到目前为止的尝试似乎不起作用(参考此处:removal of redundant lines based on value in last column)
awk -F " ," '!a[$1,$2,$3,$4,$5,$6,$7,$8,$9]++' input
每个文件的流程文件大约为一百万行,总共需要处理大约400个文件。执行速度似乎在这里至关重要。任何古茹都可以开导吗?谢谢!
答案 0 :(得分:2)
def killDups(infilepath, outfilepath):
data = {}
with open(infilepath) as infile:
infile.readline()
for i,line in enumerate(infile):
line = line.strip()
cols = [col.strip() for col in line.split(',')]

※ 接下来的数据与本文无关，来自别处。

(* Let $s_1,\dots,s_{d-1}$ be positive integers, $s_0=s_d=1$, with $s_{i-1}s_i\le n_i$ for all $i$, and let $T=\sum_{\alpha_1,\dots,\alpha_{d-1}} e_1^{\alpha_1}\otimes e_2^{\iota_2(\alpha_1,\alpha_2)}\otimes\cdots\otimes e_{d-1}^{\iota_{d-1}(\alpha_{d-2},\alpha_{d-1})}\otimes e_d^{\alpha_{d-1}}$. The stabilizer $H=\{g\in G:g\cdot T=T\}$ consists exactly of the elements $$\begin{bmatrix}A_1&M_1\\0&B_1\end{bmatrix}\times\begin{bmatrix}A_1^{-\mathsf T}\otimes A_2&M_2\\0&B_2\end{bmatrix}\times\cdots\times\begin{bmatrix}A_{d-2}^{-\mathsf T}\otimes A_{d-1}&M_{d-1}\\0&B_{d-1}\end{bmatrix}\times\begin{bmatrix}A_{d-1}^{-\mathsf T}&M_d\\0&B_d\end{bmatrix},$$ where $A_i\in\mathrm{GL}(s_i)$ ($1\le i\le d-1$), $B_i\in\mathrm{GL}(n_i-s_{i-1}s_i)$, and $M_i$ are arbitrary $s_{i-1}s_i\times(n_i-s_{i-1}s_i)$ matrices.
   Context: Fix integers $d\ge 3$ and $n_1,\dots,n_d\ge 2$. $V=\mathbb{R}^{n_1}\otimes\cdots\otimes\mathbb{R}^{n_d}$, and $G=\mathrm{GL}(n_1)\times\cdots\times\mathrm{GL}(n_d)$ acts on $V$ by $(g_1,\dots,g_d)\cdot(v_1\otimes\cdots\otimes v_d)=(g_1v_1)\otimes\cdots\otimes(g_dv_d)$, extended linearly. $e_i^1,\dots,e_i^{n_i}$ is the standard basis of $\mathbb{R}^{n_i}$. For $2\le i\le d-1$, $\iota_i:[s_{i-1}]\times[s_i]\to[s_{i-1}s_i]$ is the lexicographic bijection with the first argument most significant, and the Kronecker product uses the matching convention $(A\otimes B)_{\iota_i(a,b),\iota_i(a',b')}=A_{aa'}B_{bb'}$. *)

theory Defs
  imports "Jordan_Normal_Form.Matrix"
begin

(* Coordinates are 0-based: e_i^1..e_i^{n_i} correspond to indices 0..n_i-1.
   Tensor factors are numbered 1..d. *)

definition multi_idx :: "nat \<Rightarrow> (nat \<Rightarrow> nat) \<Rightarrow> (nat \<Rightarrow> nat) set" where
  "multi_idx d n = {j. (\<forall>i\<in>{1..d}. j i < n i) \<and> (\<forall>i. i \<notin> {1..d} \<longrightarrow> j i = 0)}"

(* A tensor in V = R^{n_1} (x) ... (x) R^{n_d}: its coordinate function on multi_idx d n. *)
type_synonym tensor = "(nat \<Rightarrow> nat) \<Rightarrow> real"

definition in_G :: "nat \<Rightarrow> (nat \<Rightarrow> nat) \<Rightarrow> (nat \<Rightarrow> real mat) \<Rightarrow> bool" where
  "in_G d n g = (\<forall>i\<in>{1..d}. g i \<in> carrier_mat (n i) (n i) \<and> invertible_mat (g i))"

definition act :: "nat \<Rightarrow> (nat \<Rightarrow> nat) \<Rightarrow> (nat \<Rightarrow> real mat) \<Rightarrow> tensor \<Rightarrow> tensor" where
  "act d n g X = (\<lambda>j. \<Sum>k\<in>multi_idx d n. (\<Prod>i\<in>{1..d}. g i $$ (j i, k i)) * X k)"

definition iota :: "(nat \<Rightarrow> nat) \<Rightarrow> nat \<Rightarrow> nat \<Rightarrow> nat \<Rightarrow> nat" where
  "iota s i a b = a * s i + b"

(* Kronecker product with the matching convention (A (x) B)_{iota(a,b),iota(a',b')} = A_{aa'} B_{bb'} *)
definition kron :: "'a::times mat \<Rightarrow> 'a mat \<Rightarrow> 'a mat" where
  "kron A B = mat (dim_row A * dim_row B) (dim_col A * dim_col B)
     (\<lambda>(i, j). A $$ (i div dim_row B, j div dim_col B) * B $$ (i mod dim_row B, j mod dim_col B))"

definition minv :: "real mat \<Rightarrow> real mat" where
  "minv A = (SOME B. B \<in> carrier_mat (dim_row A) (dim_row A) \<and> inverts_mat A B \<and> inverts_mat B A)"

definition minvT :: "real mat \<Rightarrow> real mat" where
  "minvT A = transpose_mat (minv A)"

definition alphas :: "nat \<Rightarrow> (nat \<Rightarrow> nat) \<Rightarrow> (nat \<Rightarrow> nat) set" where
  "alphas d s = {a. (\<forall>i\<in>{1..d-1}. a i < s i) \<and> (\<forall>i. i \<notin> {1..d-1} \<longrightarrow> a i = 0)}"

(* index of the basis vector in the i-th factor of the summand for alpha *)
definition T_index :: "nat \<Rightarrow> (nat \<Rightarrow> nat) \<Rightarrow> (nat \<Rightarrow> nat) \<Rightarrow> nat \<Rightarrow> nat" where
  "T_index d s a i = (if i = 1 then a 1 else if i = d then a (d - 1) else iota s i (a (i - 1)) (a i))"

definition T_tensor :: "nat \<Rightarrow> (nat \<Rightarrow> nat) \<Rightarrow> tensor" where
  "T_tensor d s = (\<lambda>j. \<Sum>a\<in>alphas d s. \<Prod>i\<in>{1..d}. (if j i = T_index d s a i then 1 else 0))"

definition diag_block :: "nat \<Rightarrow> (nat \<Rightarrow> real mat) \<Rightarrow> nat \<Rightarrow> real mat" where
  "diag_block d A i = (if i = 1 then A 1 else if i = d then minvT (A (d - 1))
                        else kron (minvT (A (i - 1))) (A i))"

definition stab_form :: "nat \<Rightarrow> (nat \<Rightarrow> nat) \<Rightarrow> (nat \<Rightarrow> nat) \<Rightarrow> (nat \<Rightarrow> real mat) \<Rightarrow> bool" where
  "stab_form d n s g = (\<exists>A B M.
     (\<forall>i\<in>{1..d-1}. A i \<in> carrier_mat (s i) (s i) \<and> invertible_mat (A i)) \<and>
     (\<forall>i\<in>{1..d}. B i \<in> carrier_mat (n i - s (i-1) * s i) (n i - s (i-1) * s i) \<and> invertible_mat (B i)) \<and>
     (\<forall>i\<in>{1..d}. M i \<in> carrier_mat (s (i-1) * s i) (n i - s (i-1) * s i)) \<and>
     (\<forall>i\<in>{1..d}. g i = four_block_mat (diag_block d A i) (M i)
                            (0\<^sub>m (n i - s (i-1) * s i) (s (i-1) * s i)) (B i)))"

end

(*
  T is a matrix product state: its i-th core sends the index value \<iota>(a, b) to the matrix unit
  E_ab of size s_{i-1} x s_i, and g acts on the cores by replacing them with the leading
  s_{i-1} s_i columns of g_i.  If g T = T, cutting the tensor between factors i and i + 1 and
  moving g_{i+1}, ..., g_d to the other side shows that the partial contractions of g T and of T
  up to factor i differ by a matrix A_i, with A_0 = A_d = 1.  Comparing two consecutive cuts gives
  A_{i-1} G_i^g[p] = G_i[p] A_i for the cores, which forces the leading columns of g_i to be
  [A_{i-1}^{-T} (x) A_i; 0]; invertibility of g_i then makes A_i invertible, inductively in i.
  Conversely, cores of this shape are gauge equivalent to those of T, so the contraction and
  hence T is unchanged.
*)

theory Submission
  imports Defs "Jordan_Normal_Form.Determinant"
begin

section \<open>Sums over multi-indices\<close>

lemma multi_idx_0: "multi_idx 0 c = {\<lambda>_. 0}"
  unfolding multi_idx_def by auto

lemma multi_idx_Suc:
  "multi_idx (Suc m) c = (\<lambda>(f, x). f(Suc m := x)) ` (multi_idx m c \<times> {..<c (Suc m)})"
proof (intro equalityI subsetI)
  fix f assume f: "f \<in> multi_idx (Suc m) c"
  then have "(f(Suc m := 0), f (Suc m)) \<in> multi_idx m c \<times> {..<c (Suc m)}"
    unfolding multi_idx_def by auto
  then show "f \<in> (\<lambda>(f, x). f(Suc m := x)) ` (multi_idx m c \<times> {..<c (Suc m)})"
    by (rule rev_image_eqI) simp
qed (auto simp: multi_idx_def)

lemma inj_on_multi_idx_Suc:
  "inj_on (\<lambda>(f, x). f(Suc m := x)) (multi_idx m c \<times> {..<c (Suc m)})"
proof (rule inj_onI, clarsimp)
  fix f x g y
  assume "f \<in> multi_idx m c" "g \<in> multi_idx m c" and e: "f(Suc m := x) = g(Suc m := y)"
  then have "f (Suc m) = 0" "g (Suc m) = 0"
    unfolding multi_idx_def by auto
  then show "f = g \<and> x = y" using e by (metis fun_upd_same fun_upd_triv fun_upd_upd)
qed

lemma sum_multi_idx_Suc:
  "(\<Sum>f\<in>multi_idx (Suc m) c. F f) = (\<Sum>f\<in>multi_idx m c. \<Sum>x<c (Suc m). F (f(Suc m := x)))"
proof -
  have "sum F (multi_idx (Suc m) c) = (\<Sum>(f, x)\<in>multi_idx m c \<times> {..<c (Suc m)}. F (f(Suc m := x)))"
    unfolding multi_idx_Suc by (subst sum.reindex[OF inj_on_multi_idx_Suc]) (simp add: case_prod_unfold)
  then show ?thesis by (simp add: sum.cartesian_product)
qed

lemma sum_prod_multi_idx:
  fixes F :: "nat \<Rightarrow> nat \<Rightarrow> 'a :: comm_semiring_1"
  shows "(\<Sum>k\<in>multi_idx m c. \<Prod>i\<in>{1..m}. F i (k i)) = (\<Prod>i\<in>{1..m}. \<Sum>x<c i. F i x)"
proof (induction m)
  case 0 then show ?case by (simp add: multi_idx_0)
next
  case (Suc m)
  have "\<And>f x. (\<Prod>i\<in>{1..m}. F i ((f(Suc m := x)) i)) = (\<Prod>i\<in>{1..m}. F i (f i))"
    by (intro prod.cong) auto
  then have "(\<Sum>k\<in>multi_idx (Suc m) c. \<Prod>i\<in>{1..Suc m}. F i (k i))
      = (\<Sum>f\<in>multi_idx m c. \<Prod>i\<in>{1..m}. F i (f i)) * (\<Sum>x<c (Suc m). F (Suc m) x)"
    by (simp add: sum_multi_idx_Suc sum_product)
  then show ?case using Suc.IH by simp
qed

appid, cat = cols[1], cols[-1]
if appid not in data:
data[appid] = {cat:i}
elif cat in data[appid]:
data[appid].pop(cat)
whitelist = set()
for k,v in data.items():
whitelist.update(v.values())
with open(infilepath) as infile, open(outfilepath, 'w') as outfile:
outfile.write(infile.readline())
for i,line in enumerate(infile):
if i in whitelist:
outfile.write(line)
答案 1 :(得分:2)
$ awk -F, '
{ key=$2 FS $(NF-1); nr2key[NR]=key; key2val[key]=$0; cnt[key]++ }
END {
for (i=1;i<=NR;i++) {
key=nr2key[i]
if (cnt[key] == 1) {
print key2val[key]
}
}
}
' file
1,APPID,ID2,ID3,5,6,7,8,9,Category,
5002 , APP-2 ,,,,,,,, Cell ,
5002 , APP-2 ,,,,,,,, Enzyme ,
5002 , APP-3 ,,,,,,,, Cell ,
5002 , APP-3 ,,,,,,,, Biochemical ,
答案 2 :(得分:1)
以下是awk
的另一种方式:
awk -F, '
!patt[$2,$(NF-1)]++ { lines[$2,$(NF-1)] = $0 }
END {
for (line in lines)
if (patt[line] == 1)
print lines[line]
}' file | sort -t, -nk1,2
1,APPID,ID2,ID3,5,6,7,8,9,Category,
5002 , APP-2 ,,,,,,,, Cell ,
5002 , APP-2 ,,,,,,,, Enzyme ,
5002 , APP-3 ,,,,,,,, Biochemical ,
5002 , APP-3 ,,,,,,,, Cell ,
patt
数组中,则将整行分配给相同键的行数组END
块中迭代行数组。如果模式数组的键计数为1,则打印该行。 注意:要使用vanilla awk
更优雅的方式,请参阅Ed Morton's解决方案。
如果你有GNU awk
那么(类似的逻辑,但使用内置的排序算法):
gawk -F, '
BEGIN { PROCINFO["sorted_in"] = "@ind_num_desc" }
!patt[$2,$(NF-1)]++ {
lines[$2,$(NF-1)] = $0
}
END {
for (line in lines)
if (patt[line] == 1)
print lines[line]
}' file
如果您可以使用perl
:
perl -F, -lane'
print and next if $.==1; # print the header
$key = "@F[1,-1]"; # form the key using two columns
$h{$key} or push @rec, $key; # if key is not in hash push to array (for order)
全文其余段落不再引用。